Она не ощущала себя ограниченной каким-то небольшим пространством. То есть стенками гроба. Значит, не умерла?
Попробовала осторожно пошевелиться, как Гулливер, спутанный веревками лилипутов, — ничто ее не держало.
Но при этом веки оказались такими неподъемными, что открыть их было тяжким трудом. Наташа не стала и сопротивляться этой тяжести. Тем более что с каждой минутой голова ее становилась все яснее.
Первый образ, который возник в опустошенной голове, был почему-то Тамарой Пальчевской. Наташа вспомнила даже, что теперь она уже и не Пальчевская, а фамилия ее… Нет, фамилию вспомнить Наташа все же не смогла.
— Ты все-таки не умерла? — удивленно поинтересовалась Тамара. — Ну, Рудина, ты даешь! А я думала, уже все…
— Уйди, я не хочу тебя видеть! — прикрикнула Наташа, и Тамара исчезла.
«Ребенок! — вдруг ворвалась в сознание мысль. — Где мой ребенок?!»
Разбитая, неподвижная, она вдруг обрела невиданную силу, которая могла бы поднять ее с больничной койки и потащить куда-то, где держали ее маленького неродившегося сына. Или родившегося?
— Где мой сын?!
— Успокойтесь, — сказал кто-то незнакомым голосом, — ваш ребенок жив.

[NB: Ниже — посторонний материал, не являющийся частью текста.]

lemma hderiv_pairing_expansion:
  assumes n: "n \<ge> 3" and sm: "\<forall>a\<in>{1..2 * n - 2}. smooth (\<phi> a)" and f: "smooth f"
  shows "(\<Sum>k<2 * n. hderiv i (\<lambda>x. f x * Ftil n \<phi> k x) x * Kentry n k *
            hderiv j (\<lambda>x. f x * Ftil n (\<lambda>a. \<phi> (sperm n a)) (2 * n - 1 - k) x) x)
       = (\<Sum>p<2 * n. deriv_coeff \<phi> n f i p x * deriv_coeff (\<lambda>a. \<phi> (sperm n a)) n f j (2 * n - 1 - p) x
            * Kentry n p)"
proof -
  let ?\<psi> = "\<lambda>a. \<phi> (sperm n a)"
  let ?c = "\<lambda>p. deriv_coeff \<phi> n f i p x" and ?d = "\<lambda>q. deriv_coeff ?\<psi> n f j q x"
  have sm': "\<forall>a\<in>{1..2 * n - 2}. smooth (?\<psi> a)"
    using sm sperm_range[OF n] by auto
  have cont: "\<forall>a\<in>{1..2 * n - 2}. continuous_on UNIV (\<phi> a)"
    using sm smooth_continuous_on by blast
  have expand: "hderiv m (\<lambda>x. f x * Ftil n w k x)
      = (\<lambda>x. \<Sum>p<2 * n. deriv_coeff w n f m p x * path_sum w n p k x)"
    if "\<forall>a\<in>{1..2 * n - 2}. smooth (w a)" "k < 2 * n" for m w k
    using Ftil_eq_path_sum[OF n that(2)] hderiv_mult_path_sum[OF n that(1) f] by simp
  have "(\<Sum>k<2 * n. hderiv i (\<lambda>x. f x * Ftil n \<phi> k x) x * Kentry n k *
            hderiv j (\<lambda>x. f x * Ftil n ?\<psi> (2 * n - 1 - k) x) x)
      = (\<Sum>k<2 * n. (\<Sum>p<2 * n. ?c p * path_sum \<phi> n p k x) * Kentry n k *
            (\<Sum>q<2 * n. ?d q * path_sum ?\<psi> n q (2 * n - 1 - k) x))"
    by (rule sum.cong) (auto simp: expand[OF sm] expand[OF sm'])
  also have "\<dots> = (\<Sum>p<2 * n. \<Sum>q<2 * n. ?c p * ?d q * pairing \<phi> n p q x)"
    unfolding pairing_def by (rule sum_bilinear_swap)
  also have "\<dots> = (\<Sum>p<2 * n. \<Sum>q<2 * n. if q = 2 * n - 1 - p then ?c p * ?d q * Kentry n p else 0)"
    by (intro sum.cong refl) (auto simp: pairing_eq_Kmat[OF n cont] Kmat_def)
  also have "\<dots> = (\<Sum>p<2 * n. ?c p * ?d (2 * n - 1 - p) * Kentry n p)"
    using n by (intro sum.cong refl) auto
  finally show ?thesis .
qed
(* Let $N\ge 1$, let $G:\mathbb{R}_{\ge 0}\to\mathbb{R}_{\ge 0}$ be strictly convex and increasing with $G(0)=0$, and let $w_0,\dots,w_{N-1}>0$ be known demands. Consider the problem $$\min_{u\in\mathbb{R}_{\ge 0}^N}\ \sum_{k=0}^{N-1}G(u_k)\quad\text{s.t.}\quad \sum_{j=0}^{k}u_j\ \ge\ \sum_{j=0}^{k}w_j\quad\text{for all }k\in\{0,\dots,N-1\}.$$ (Equivalently: minimize $\sum_k G(u_k)$ subject to $x_0=0$, $x_{k+1}=x_k+u_k-w_k$, $x_k\ge 0$ for $k=1,\dots,N$.) Then $u^*=\mathrm{LS}(w_0,\dots,w_{N-1})$ is the optimal solution of this problem. Moreover, the optimal trajectory is non-increasing: $u^*_{k+1}\le u^*_k$ for all $k\in\{0,\dots,N-2\}$.
   Context: Block-averaging (load shifting) procedure $\mathrm{LS}$: given a finite sequence $v=(v_0,\dots,v_{N-1})$ of positive reals, define indices $0=k_0<k_1<\dots<k_n=N$ recursively: if $k_l<N$, let $k_{l+1}=k_l+j^*$, where $j^*$ is the largest element of $\arg\max_{j\in\{1,\dots,N-k_l\}}\frac{1}{j}\sum_{i=k_l}^{k_l+j-1}v_i$; stop when $k_n=N$. Then $\mathrm{LS}(v)=(u_0,\dots,u_{N-1})$ with $u_i=\frac{1}{k_{l+1}-k_l}\sum_{m=k_l}^{k_{l+1}-1}v_m$ for all $k_l\le i<k_{l+1}$, $l=0,\dots,n-1$. (The paper's $\textsc{LoadShift}(\bm w,0,0)$ is $\mathrm{LS}(w)$.) *)

theory Defs
  imports "HOL-Analysis.Analysis"
begin

definition strict_convex_on :: "real set \<Rightarrow> (real \<Rightarrow> real) \<Rightarrow> bool" where
  "strict_convex_on S f \<longleftrightarrow> convex S \<and>
    (\<forall>x\<in>S. \<forall>y\<in>S. \<forall>t. x \<noteq> y \<longrightarrow> 0 < t \<longrightarrow> t < 1 \<longrightarrow>
       f (t * x + (1 - t) * y) < t * f x + (1 - t) * f y)"

definition blk_avg :: "(nat \<Rightarrow> real) \<Rightarrow> nat \<Rightarrow> nat \<Rightarrow> real" where
  "blk_avg v k j = (\<Sum>i=k..<k+j. v i) / real j"

definition jstar :: "(nat \<Rightarrow> real) \<Rightarrow> nat \<Rightarrow> nat \<Rightarrow> nat" where
  "jstar v N k = Max {j \<in> {1..N-k}. \<forall>j'\<in>{1..N-k}. blk_avg v k j' \<le> blk_avg v k j}"

lemma jstar_pos:
  assumes "k < N" shows "jstar v N k \<ge> 1"
proof -
  let ?A = "{1..N-k}"
  have fin: "finite ?A" and ne: "?A \<noteq> {}" using assms by auto
  have "Max (blk_avg v k ` ?A) \<in> blk_avg v k ` ?A" using fin ne by (intro Max_in) auto
  then obtain j where j: "j \<in> ?A" "blk_avg v k j = Max (blk_avg v k ` ?A)" by auto
  have jm: "\<forall>j'\<in>?A. blk_avg v k j' \<le> blk_avg v k j" using j fin by auto
  let ?S = "{j \<in> ?A. \<forall>j'\<in>?A. blk_avg v k j' \<le> blk_avg v k j}"
  have "j \<in> ?S" using j jm by auto
  moreover have "finite ?S" using fin by auto
  ultimately have "j \<le> Max ?S" by (simp add: Max_ge)
  hence "j \<le> jstar v N k" unfolding jstar_def .
  thus ?thesis using j(1) by auto
qed

function ls_from :: "(nat \<Rightarrow> real) \<Rightarrow> nat \<Rightarrow> nat \<Rightarrow> nat \<Rightarrow> real" where
  "ls_from v N k i =
     (if N \<le> k then 0
      else if i < k + jstar v N k then blk_avg v k (jstar v N k)
      else ls_from v N (k + jstar v N k) i)"
  by pat_completeness auto
termination
  by (relation "Wellfounded.measure (\<lambda>(v, N, k, i). N - k)")
     (auto, metis jstar_pos not_le diff_less_mono2 less_add_same_cancel1 less_le_trans zero_less_one
        add_diff_cancel_left' diff_diff_left zero_less_diff)

text \<open>The block-averaging procedure LS(v_0,...,v_{N-1}); values outside {0..<N} are irrelevant (set to 0).\<close>
definition LS :: "(nat \<Rightarrow> real) \<Rightarrow> nat \<Rightarrow> nat \<Rightarrow> real" where
  "LS v N = ls_from v N 0"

И в тот же момент ее неподвижное одеревеневшее тело вдруг стало ощущать себя в точке, куда как раз в это время мягко вошла игла шприца.
Собравшийся было отправляться на выручку к своему сыну организм притих, как бы прислушиваясь к тому, нужное лекарство вводили в вену или нет, и это оказалось для нее так тяжело, что она опять впала в беспамятство, но уже с желанием прийти в себя и больше не думать про свет в конце коридора, там, откуда не возвращаются.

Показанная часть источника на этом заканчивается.